**Aim of the exercise:** All the data should be transcribed exactly, with every line kept.

[[ Supplied records, beginning ]]

lemma mobius_refl: "a \<in> C \<Longrightarrow> (mobius le C a a :: 'k::ring_1) = 1"
  using mobius_recursion_mobius[unfolded mobius_recursion_def, rule_format, of a a] reflexive
  by simp

lemma sum_mobius_interval:
  assumes "a \<in> C" "b \<in> C"
  shows "(\<Sum>z\<in>{z\<in>C. le a z \<and> le z b}. mobius le C a z) = (if a = b then 1 else (0::'k::ring_1))"
proof (cases "le a b \<and> a \<noteq> b")
  case True
  have "b \<in> {z\<in>C. le a z \<and> le z b}"
    using assms True reflexive by simp
  then have "(\<Sum>z\<in>{z\<in>C. le a z \<and> le z b}. mobius le C a z) =
      mobius le C a b + (\<Sum>z\<in>{z\<in>C. le a z \<and> le z b \<and> z \<noteq> b}. mobius le C a z)"
    using finite_interval[OF assms] by (subst sum.remove) (auto intro: sum.cong)
  also have "\<dots> = (0::'k)"
    using mobius_recursion_mobius[where 'k = 'k, unfolded mobius_recursion_def, rule_format, of a b]
      assms True by simp
  finally show ?thesis
    using True by simp
next
  case False
  have "{z\<in>C. le a z \<and> le z b} = (if a = b then {a} else {})"
  proof (cases "a = b")
    case True
    then show ?thesis
      using assms reflexive[of a] antisymmetric[of a] by auto
  next
    case False
    then show ?thesis
      using \<open>\<not> (le a b \<and> a \<noteq> b)\<close> assms transitive[of a _ b] by auto
  qed
  then show ?thesis
    using mobius_refl[OF assms(1)] by auto
qed

end

interpretation fun_module: module "fscale :: 'k::comm_ring_1 \<Rightarrow> ('x \<Rightarrow> 'k) \<Rightarrow> 'x \<Rightarrow> 'k"
  by standard (auto simp: fscale_def algebra_simps)
(* Let $p$ be an odd prime and let $\alpha,\beta,\gamma\in\mathbb{Z}_p$ with $p\nmid\beta$ and $p\nmid\gamma$, and with $(\alpha,\beta-\gamma)\ne(0,0)$. Let $k\ge0$ be the largest integer such that $p^k\mid\alpha$ and $p^k\mid(\beta-\gamma)$. Let $$f(x)=(x^2+p\alpha x+p\beta)(x^2-p\alpha x+p\gamma).$$ (Case 1) If $p^{k+1}\nmid(\beta-\gamma)$, then every monic quartic $g\in\mathbb{Z}_p[x]$ with $g\equiv f\pmod{p^{2k+4}}$ is reducible in $\mathbb{Z}_p[x]$. (Case 2) If $p^{k+1}\mid(\beta-\gamma)$ and $p^{k+1}\nmid\alpha$, then every monic quartic $g\in\mathbb{Z}_p[x]$ with $g\equiv f\pmod{p^{2k+5}}$ is reducible in $\mathbb{Z}_p[x]$.
   Context: Congruences of polynomials are coefficientwise. Reducible means it can be written as a product of two nonconstant polynomials in $\mathbb{Z}_p[x]$. *)

theory Defs
  imports "HOL-Algebra.Algebra" "HOL-Computational_Algebra.Primes"
begin

text \<open>The ring of p-adic integers Z_p, realised as the inverse limit of the rings
  Z/p^n Z: an element is a compatible sequence x with x n in {0..<p^n} and
  x n = x (n+1) mod p^n.\<close>

definition padic_int :: "nat \<Rightarrow> (nat \<Rightarrow> int) ring" where
  "padic_int p =
    \<lparr>carrier = {x. \<forall>n. 0 \<le> x n \<and> x n < int p ^ n \<and> x n = x (Suc n) mod (int p ^ n)},
     monoid.mult = (\<lambda>x y n. (x n * y n) mod (int p ^ n)),
     monoid.one = (\<lambda>n. 1 mod (int p ^ n)),
     ring.zero = (\<lambda>n. 0),
     ring.add = (\<lambda>x y n. (x n + y n) mod (int p ^ n))\<rparr>"

definition padic_p :: "nat \<Rightarrow> (nat \<Rightarrow> int)" where
  "padic_p p = add_pow (padic_int p) p \<one>\<^bsub>padic_int p\<^esub>"

definition padic_poly_reducible :: "nat \<Rightarrow> (nat \<Rightarrow> nat \<Rightarrow> int) \<Rightarrow> bool" where
  "padic_poly_reducible p g \<longleftrightarrow>
     (\<exists>a\<in>carrier (UP (padic_int p)). \<exists>b\<in>carrier (UP (padic_int p)).
        deg (padic_int p) a > 0 \<and> deg (padic_int p) b > 0 \<and> g = a \<otimes>\<^bsub>UP (padic_int p)\<^esub> b)"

[[ Supplied records, end ]]

**Solution to this problem:**
lemma mobius_refl: "a \<in> C \<Longrightarrow> (mobius le C a a :: 'k::ring_1) = 1"
  using mobius_recursion_mobius[unfolded mobius_recursion_def, rule_format, of a a] reflexive
  by simp

lemma sum_mobius_interval:
  assumes "a \<in> C" "b \<in> C"
  shows "(\<Sum>z\<in>{z\<in>C. le a z \<and> le z b}. mobius le C a z) = (if a = b then 1 else (0::'k::ring_1))"
proof (cases "le a b \<and> a \<noteq> b")
  case True
  have "b \<in> {z\<in>C. le a z \<and> le z b}"
    using assms True reflexive by simp
  then have "(\<Sum>z\<in>{z\<in>C. le a z \<and> le z b}. mobius le C a z) =
      mobius le C a b + (\<Sum>z\<in>{z\<in>C. le a z \<and> le z b \<and> z \<noteq> b}. mobius le C a z)"
    using finite_interval[OF assms] by (subst sum.remove) (auto intro: sum.cong)
  also have "\<dots> = (0::'k)"
    using mobius_recursion_mobius[where 'k = 'k, unfolded mobius_recursion_def, rule_format, of a b]
      assms True by simp
  finally show ?thesis
    using True by simp
next
  case False
  have "{z\<in>C. le a z \<and> le z b} = (if a = b then {a} else {})"
  proof (cases "a = b")
    case True
    then show ?thesis
      using assms reflexive[of a] antisymmetric[of a] by auto
  next
    case False
    then show ?thesis
      using \<open>\<not> (le a b \<and> a \<noteq> b)\<close> assms transitive[of a _ b] by auto
  qed
  then show ?thesis
    using mobius_refl[OF assms(1)] by auto
qed

end

interpretation fun_module: module "fscale :: 'k::comm_ring_1 \<Rightarrow> ('x \<Rightarrow> 'k) \<Rightarrow> 'x \<Rightarrow> 'k"
  by standard (auto simp: fscale_def algebra_simps)
(* Let $p$ be an odd prime and let $\alpha,\beta,\gamma\in\mathbb{Z}_p$ with $p\nmid\beta$ and $p\nmid\gamma$, and with $(\alpha,\beta-\gamma)\ne(0,0)$. Let $k\ge0$ be the largest integer such that $p^k\mid\alpha$ and $p^k\mid(\beta-\gamma)$. Let $$f(x)=(x^2+p\alpha x+p\beta)(x^2-p\alpha x+p\gamma).$$ (Case 1) If $p^{k+1}\nmid(\beta-\gamma)$, then every monic quartic $g\in\mathbb{Z}_p[x]$ with $g\equiv f\pmod{p^{2k+4}}$ is reducible in $\mathbb{Z}_p[x]$. (Case 2) If $p^{k+1}\mid(\beta-\gamma)$ and $p^{k+1}\nmid\alpha$, then every monic quartic $g\in\mathbb{Z}_p[x]$ with $g\equiv f\pmod{p^{2k+5}}$ is reducible in $\mathbb{Z}_p[x]$.
   Context: Congruences of polynomials are coefficientwise. Reducible means it can be written as a product of two nonconstant polynomials in $\mathbb{Z}_p[x]$. *)

theory Defs
  imports "HOL-Algebra.Algebra" "HOL-Computational_Algebra.Primes"
begin

text \<open>The ring of p-adic integers Z_p, realised as the inverse limit of the rings
  Z/p^n Z: an element is a compatible sequence x with x n in {0..<p^n} and
  x n = x (n+1) mod p^n.\<close>

definition padic_int :: "nat \<Rightarrow> (nat \<Rightarrow> int) ring" where
  "padic_int p =
    \<lparr>carrier = {x. \<forall>n. 0 \<le> x n \<and> x n < int p ^ n \<and> x n = x (Suc n) mod (int p ^ n)},
     monoid.mult = (\<lambda>x y n. (x n * y n) mod (int p ^ n)),
     monoid.one = (\<lambda>n. 1 mod (int p ^ n)),
     ring.zero = (\<lambda>n. 0),
     ring.add = (\<lambda>x y n. (x n + y n) mod (int p ^ n))\<rparr>"

definition padic_p :: "nat \<Rightarrow> (nat \<Rightarrow> int)" where
  "padic_p p = add_pow (padic_int p) p \<one>\<^bsub>padic_int p\<^esub>"

definition padic_poly_reducible :: "nat \<Rightarrow> (nat \<Rightarrow> nat \<Rightarrow> int) \<Rightarrow> bool" where
  "padic_poly_reducible p g \<longleftrightarrow>
     (\<exists>a\<in>carrier (UP (padic_int p)). \<exists>b\<in>carrier (UP (padic_int p)).
        deg (padic_int p) a > 0 \<and> deg (padic_int p) b > 0 \<and> g = a \<otimes>\<^bsub>UP (padic_int p)\<^esub> b)"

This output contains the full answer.